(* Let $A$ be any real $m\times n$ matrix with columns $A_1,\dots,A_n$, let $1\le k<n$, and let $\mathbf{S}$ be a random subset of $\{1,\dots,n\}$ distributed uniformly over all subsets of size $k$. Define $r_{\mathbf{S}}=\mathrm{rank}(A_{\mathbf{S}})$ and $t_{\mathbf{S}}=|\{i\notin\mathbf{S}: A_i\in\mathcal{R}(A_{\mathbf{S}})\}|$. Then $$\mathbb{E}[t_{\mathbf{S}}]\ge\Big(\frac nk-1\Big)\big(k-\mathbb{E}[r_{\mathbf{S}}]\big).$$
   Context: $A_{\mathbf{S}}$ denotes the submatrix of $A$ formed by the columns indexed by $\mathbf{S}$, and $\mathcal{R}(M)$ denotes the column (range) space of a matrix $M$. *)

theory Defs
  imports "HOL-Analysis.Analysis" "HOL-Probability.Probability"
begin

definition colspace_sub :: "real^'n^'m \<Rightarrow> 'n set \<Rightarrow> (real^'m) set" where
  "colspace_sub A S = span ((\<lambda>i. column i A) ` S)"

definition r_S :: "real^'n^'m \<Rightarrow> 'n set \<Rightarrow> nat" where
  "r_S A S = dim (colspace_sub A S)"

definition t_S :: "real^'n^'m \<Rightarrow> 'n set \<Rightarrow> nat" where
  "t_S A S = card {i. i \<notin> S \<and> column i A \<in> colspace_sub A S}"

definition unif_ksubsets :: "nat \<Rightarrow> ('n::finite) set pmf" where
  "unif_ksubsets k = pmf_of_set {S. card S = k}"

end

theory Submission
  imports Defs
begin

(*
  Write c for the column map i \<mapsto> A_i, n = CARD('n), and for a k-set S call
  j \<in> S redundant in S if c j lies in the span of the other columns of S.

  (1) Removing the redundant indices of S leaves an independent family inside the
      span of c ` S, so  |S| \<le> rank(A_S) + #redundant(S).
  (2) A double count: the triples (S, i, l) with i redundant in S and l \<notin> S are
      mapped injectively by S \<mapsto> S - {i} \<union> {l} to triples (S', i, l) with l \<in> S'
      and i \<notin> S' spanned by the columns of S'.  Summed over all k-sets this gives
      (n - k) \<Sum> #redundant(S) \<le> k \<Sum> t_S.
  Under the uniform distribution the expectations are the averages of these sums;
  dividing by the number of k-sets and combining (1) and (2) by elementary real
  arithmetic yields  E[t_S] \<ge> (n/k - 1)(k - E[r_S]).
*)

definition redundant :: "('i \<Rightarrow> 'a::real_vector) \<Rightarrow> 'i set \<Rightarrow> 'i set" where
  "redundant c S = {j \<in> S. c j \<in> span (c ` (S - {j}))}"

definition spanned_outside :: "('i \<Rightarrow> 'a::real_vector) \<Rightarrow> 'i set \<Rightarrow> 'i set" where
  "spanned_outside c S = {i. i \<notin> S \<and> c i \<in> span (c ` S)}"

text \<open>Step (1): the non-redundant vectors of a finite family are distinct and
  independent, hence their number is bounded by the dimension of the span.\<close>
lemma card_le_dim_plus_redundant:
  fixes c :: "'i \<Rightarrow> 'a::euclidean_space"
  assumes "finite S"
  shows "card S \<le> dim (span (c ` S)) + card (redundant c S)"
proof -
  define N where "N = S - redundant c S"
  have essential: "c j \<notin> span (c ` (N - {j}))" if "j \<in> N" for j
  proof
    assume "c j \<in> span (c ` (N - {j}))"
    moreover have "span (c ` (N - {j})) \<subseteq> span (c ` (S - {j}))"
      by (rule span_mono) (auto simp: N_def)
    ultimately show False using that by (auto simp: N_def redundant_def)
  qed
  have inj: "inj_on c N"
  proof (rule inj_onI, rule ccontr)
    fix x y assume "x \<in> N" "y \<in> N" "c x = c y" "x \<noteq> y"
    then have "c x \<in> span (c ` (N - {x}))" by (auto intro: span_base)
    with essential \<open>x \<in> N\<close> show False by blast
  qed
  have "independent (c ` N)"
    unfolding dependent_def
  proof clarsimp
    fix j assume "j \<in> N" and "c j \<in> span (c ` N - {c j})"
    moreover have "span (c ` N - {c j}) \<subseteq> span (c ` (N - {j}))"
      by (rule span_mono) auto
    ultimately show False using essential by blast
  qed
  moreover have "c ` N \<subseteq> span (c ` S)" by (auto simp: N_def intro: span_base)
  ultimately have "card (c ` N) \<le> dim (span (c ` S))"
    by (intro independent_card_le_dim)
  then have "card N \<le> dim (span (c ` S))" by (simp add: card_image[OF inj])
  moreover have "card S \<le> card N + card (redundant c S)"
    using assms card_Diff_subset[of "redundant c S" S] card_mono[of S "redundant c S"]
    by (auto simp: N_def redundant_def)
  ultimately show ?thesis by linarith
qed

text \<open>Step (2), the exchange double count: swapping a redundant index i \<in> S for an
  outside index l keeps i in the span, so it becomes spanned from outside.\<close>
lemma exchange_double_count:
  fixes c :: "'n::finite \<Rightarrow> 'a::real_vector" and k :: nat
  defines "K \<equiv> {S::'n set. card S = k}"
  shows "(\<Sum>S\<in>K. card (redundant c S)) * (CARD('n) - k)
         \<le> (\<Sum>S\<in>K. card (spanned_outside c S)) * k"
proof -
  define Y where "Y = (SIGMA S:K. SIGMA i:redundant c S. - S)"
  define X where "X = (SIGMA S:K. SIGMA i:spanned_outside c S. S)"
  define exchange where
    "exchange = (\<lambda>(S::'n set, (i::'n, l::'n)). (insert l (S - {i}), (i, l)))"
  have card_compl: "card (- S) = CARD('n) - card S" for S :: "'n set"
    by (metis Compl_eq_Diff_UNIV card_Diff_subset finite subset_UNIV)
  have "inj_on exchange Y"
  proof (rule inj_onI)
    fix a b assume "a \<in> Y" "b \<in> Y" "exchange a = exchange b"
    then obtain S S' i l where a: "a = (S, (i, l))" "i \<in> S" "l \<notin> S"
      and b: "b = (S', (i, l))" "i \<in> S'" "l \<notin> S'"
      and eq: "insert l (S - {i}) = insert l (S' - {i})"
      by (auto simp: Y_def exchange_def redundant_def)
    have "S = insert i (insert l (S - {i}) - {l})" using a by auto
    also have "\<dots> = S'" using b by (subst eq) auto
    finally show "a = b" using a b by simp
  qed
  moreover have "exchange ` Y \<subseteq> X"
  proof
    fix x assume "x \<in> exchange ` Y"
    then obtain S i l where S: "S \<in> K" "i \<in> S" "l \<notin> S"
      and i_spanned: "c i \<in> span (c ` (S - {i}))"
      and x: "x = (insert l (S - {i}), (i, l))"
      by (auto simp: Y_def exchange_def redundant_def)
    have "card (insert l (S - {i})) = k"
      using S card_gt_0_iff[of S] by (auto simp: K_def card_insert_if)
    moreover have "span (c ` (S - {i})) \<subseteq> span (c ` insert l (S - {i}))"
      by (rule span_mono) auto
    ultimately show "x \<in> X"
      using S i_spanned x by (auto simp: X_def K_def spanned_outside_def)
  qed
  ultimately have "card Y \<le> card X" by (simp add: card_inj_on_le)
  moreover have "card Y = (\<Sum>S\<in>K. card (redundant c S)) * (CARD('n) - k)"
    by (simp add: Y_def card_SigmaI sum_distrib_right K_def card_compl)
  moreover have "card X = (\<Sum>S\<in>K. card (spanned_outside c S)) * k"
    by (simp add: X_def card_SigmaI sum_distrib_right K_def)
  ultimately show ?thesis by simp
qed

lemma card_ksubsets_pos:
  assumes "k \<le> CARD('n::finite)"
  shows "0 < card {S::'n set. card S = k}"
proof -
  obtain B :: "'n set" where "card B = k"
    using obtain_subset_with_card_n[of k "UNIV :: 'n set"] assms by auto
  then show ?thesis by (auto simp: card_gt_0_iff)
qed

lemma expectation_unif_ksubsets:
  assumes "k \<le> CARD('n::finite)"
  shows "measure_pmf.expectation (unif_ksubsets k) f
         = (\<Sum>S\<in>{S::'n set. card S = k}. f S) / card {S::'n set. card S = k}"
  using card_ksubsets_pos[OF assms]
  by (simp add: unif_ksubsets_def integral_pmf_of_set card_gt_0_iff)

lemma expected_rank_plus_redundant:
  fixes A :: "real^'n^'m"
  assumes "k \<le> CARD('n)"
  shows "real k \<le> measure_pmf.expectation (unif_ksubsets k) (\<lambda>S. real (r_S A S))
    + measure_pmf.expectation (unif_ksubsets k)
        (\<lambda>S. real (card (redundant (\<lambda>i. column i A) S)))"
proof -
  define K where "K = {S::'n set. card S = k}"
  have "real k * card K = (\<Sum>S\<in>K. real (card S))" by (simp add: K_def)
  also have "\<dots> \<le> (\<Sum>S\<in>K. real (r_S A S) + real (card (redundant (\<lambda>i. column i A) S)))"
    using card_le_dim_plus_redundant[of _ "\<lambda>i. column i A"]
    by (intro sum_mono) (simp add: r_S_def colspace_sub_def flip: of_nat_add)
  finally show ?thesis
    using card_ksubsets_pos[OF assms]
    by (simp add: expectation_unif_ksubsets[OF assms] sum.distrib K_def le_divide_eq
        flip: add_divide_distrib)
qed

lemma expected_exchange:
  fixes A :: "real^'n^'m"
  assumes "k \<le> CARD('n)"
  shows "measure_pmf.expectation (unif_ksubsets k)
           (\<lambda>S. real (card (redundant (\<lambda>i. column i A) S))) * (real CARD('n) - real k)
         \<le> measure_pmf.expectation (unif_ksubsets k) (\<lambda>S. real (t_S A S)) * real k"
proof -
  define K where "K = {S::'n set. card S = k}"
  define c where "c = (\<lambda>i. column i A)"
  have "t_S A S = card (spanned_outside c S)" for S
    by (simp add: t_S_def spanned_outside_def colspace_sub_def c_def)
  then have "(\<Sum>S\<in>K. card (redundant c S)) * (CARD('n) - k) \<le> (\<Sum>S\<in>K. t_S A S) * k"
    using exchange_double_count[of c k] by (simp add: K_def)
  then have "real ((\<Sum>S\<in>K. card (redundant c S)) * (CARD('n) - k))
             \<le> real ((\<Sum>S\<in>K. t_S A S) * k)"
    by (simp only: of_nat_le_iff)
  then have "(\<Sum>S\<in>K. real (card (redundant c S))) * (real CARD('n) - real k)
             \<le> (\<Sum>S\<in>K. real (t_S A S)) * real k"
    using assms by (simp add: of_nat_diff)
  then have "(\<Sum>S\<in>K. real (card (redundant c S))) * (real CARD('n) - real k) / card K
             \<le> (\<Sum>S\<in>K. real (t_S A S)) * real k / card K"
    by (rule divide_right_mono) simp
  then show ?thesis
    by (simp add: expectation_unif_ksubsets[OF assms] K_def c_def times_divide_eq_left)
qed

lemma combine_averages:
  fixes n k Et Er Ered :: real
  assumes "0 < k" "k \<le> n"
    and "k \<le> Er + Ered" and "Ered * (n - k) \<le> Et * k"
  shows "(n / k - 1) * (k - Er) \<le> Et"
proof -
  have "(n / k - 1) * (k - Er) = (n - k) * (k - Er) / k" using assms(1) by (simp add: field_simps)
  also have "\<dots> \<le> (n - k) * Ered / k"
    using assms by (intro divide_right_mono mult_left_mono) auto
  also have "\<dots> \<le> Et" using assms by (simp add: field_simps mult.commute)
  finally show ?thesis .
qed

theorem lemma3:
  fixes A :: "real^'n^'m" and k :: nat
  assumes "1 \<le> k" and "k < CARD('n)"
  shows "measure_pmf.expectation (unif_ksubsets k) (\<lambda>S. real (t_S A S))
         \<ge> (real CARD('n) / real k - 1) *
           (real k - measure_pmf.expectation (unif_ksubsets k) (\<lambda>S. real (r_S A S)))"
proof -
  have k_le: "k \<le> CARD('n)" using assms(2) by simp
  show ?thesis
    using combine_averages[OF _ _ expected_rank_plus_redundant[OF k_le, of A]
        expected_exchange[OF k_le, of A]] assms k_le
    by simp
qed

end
··········
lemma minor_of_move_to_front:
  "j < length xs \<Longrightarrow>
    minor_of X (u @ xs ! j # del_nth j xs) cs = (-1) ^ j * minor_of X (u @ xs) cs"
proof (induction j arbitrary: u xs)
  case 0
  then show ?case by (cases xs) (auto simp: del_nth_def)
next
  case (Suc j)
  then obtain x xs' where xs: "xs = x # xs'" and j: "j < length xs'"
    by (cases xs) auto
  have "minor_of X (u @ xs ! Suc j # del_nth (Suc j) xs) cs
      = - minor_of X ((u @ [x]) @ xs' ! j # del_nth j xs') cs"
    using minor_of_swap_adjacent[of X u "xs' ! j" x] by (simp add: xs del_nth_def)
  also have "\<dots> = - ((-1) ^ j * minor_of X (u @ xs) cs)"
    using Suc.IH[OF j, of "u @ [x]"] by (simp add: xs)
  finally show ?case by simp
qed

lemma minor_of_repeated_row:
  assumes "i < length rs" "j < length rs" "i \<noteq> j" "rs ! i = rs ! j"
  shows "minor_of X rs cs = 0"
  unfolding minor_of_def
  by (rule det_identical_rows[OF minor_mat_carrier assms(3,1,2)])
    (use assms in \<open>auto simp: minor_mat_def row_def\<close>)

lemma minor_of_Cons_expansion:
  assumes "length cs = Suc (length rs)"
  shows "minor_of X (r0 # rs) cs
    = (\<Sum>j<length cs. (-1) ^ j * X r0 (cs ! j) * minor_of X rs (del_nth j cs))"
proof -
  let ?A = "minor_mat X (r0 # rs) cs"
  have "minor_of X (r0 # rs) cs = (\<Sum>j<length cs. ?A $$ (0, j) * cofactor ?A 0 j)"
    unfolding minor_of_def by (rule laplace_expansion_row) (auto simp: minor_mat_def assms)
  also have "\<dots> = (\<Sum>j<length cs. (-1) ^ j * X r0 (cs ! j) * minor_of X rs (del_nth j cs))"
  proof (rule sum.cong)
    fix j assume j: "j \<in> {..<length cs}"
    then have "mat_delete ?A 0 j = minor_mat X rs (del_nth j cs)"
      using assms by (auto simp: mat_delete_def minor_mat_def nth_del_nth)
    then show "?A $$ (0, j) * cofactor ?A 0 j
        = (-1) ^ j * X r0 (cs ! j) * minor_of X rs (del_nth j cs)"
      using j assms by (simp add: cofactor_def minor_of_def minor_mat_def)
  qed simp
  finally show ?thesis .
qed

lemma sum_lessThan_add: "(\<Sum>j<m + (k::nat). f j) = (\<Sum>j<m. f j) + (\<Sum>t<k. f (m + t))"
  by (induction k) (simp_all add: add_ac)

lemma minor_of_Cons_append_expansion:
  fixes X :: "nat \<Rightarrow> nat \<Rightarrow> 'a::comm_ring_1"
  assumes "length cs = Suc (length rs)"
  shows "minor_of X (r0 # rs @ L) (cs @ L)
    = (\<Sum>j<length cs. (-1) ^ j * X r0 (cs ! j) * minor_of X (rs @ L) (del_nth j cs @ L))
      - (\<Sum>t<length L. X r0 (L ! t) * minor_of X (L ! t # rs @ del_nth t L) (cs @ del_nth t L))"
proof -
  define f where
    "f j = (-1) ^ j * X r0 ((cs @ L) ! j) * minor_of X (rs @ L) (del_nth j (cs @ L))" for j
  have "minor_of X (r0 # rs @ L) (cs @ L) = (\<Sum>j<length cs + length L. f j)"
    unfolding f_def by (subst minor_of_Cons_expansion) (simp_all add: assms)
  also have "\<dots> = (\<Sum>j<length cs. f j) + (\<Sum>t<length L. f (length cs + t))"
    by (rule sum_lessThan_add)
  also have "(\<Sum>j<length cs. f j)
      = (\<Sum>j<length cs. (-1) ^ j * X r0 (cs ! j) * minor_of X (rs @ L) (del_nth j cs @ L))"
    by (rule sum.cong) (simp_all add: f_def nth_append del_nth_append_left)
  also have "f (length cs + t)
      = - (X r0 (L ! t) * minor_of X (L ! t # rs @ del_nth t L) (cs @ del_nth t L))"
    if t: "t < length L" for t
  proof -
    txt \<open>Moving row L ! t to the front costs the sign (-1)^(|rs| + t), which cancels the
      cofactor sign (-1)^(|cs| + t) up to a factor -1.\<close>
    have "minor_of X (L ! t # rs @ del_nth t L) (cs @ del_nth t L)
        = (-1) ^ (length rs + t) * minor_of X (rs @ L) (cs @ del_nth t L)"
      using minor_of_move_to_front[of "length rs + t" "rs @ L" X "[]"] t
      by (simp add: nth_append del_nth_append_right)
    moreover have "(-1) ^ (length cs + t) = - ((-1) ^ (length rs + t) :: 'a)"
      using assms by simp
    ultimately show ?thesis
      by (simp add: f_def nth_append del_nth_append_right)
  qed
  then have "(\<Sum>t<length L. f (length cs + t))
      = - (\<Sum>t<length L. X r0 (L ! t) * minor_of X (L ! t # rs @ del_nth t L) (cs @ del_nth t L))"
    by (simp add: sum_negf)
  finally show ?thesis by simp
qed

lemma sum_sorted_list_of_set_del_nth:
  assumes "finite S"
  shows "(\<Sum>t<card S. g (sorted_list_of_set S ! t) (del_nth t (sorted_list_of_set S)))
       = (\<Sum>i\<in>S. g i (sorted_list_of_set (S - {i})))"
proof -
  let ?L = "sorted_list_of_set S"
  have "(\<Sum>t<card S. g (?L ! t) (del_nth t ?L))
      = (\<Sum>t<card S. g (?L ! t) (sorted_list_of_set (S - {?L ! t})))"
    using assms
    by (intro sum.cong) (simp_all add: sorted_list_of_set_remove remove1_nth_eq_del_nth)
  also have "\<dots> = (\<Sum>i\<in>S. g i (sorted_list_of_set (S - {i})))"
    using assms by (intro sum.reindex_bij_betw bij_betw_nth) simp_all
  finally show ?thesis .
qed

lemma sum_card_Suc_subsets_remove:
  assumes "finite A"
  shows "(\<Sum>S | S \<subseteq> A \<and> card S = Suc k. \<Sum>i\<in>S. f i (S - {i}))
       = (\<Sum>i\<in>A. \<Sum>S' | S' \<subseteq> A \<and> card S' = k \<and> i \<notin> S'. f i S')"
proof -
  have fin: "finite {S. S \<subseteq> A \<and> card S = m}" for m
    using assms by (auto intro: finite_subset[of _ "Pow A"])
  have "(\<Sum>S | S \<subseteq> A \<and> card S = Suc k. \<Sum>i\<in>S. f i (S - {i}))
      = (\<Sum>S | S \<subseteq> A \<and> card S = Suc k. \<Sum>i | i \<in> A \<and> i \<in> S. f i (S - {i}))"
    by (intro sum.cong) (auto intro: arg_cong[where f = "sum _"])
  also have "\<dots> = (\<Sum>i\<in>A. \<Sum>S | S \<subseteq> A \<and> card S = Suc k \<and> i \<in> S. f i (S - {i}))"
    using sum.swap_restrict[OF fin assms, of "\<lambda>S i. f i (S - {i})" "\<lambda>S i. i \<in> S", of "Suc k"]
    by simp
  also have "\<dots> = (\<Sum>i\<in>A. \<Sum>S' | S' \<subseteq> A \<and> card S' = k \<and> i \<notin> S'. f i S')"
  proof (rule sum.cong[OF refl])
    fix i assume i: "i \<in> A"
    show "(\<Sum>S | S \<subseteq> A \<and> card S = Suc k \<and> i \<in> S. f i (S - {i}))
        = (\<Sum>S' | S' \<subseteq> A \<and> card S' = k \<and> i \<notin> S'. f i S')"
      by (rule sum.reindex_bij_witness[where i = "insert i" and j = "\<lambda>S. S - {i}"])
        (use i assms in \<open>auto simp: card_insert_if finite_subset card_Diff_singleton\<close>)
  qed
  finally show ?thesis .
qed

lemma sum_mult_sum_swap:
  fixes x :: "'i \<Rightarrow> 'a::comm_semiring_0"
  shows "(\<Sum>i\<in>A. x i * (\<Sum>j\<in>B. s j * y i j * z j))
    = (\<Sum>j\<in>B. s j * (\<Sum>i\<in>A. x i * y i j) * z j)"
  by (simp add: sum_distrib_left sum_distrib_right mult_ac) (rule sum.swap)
··········
* **Task brief**
Find each line holding the string "cong" in the listing above, then copy it.

* **Response to this task**
  proof (rule sum.cong)
    by (rule sum.cong) (simp_all add: f_def nth_append del_nth_append_left)
    by (intro sum.cong) (simp_all add: sorted_list_of_set_remove remove1_nth_eq_del_nth)
    by (intro sum.cong) (auto intro: arg_cong[where f = "sum _"])
  proof (rule sum.cong[OF refl])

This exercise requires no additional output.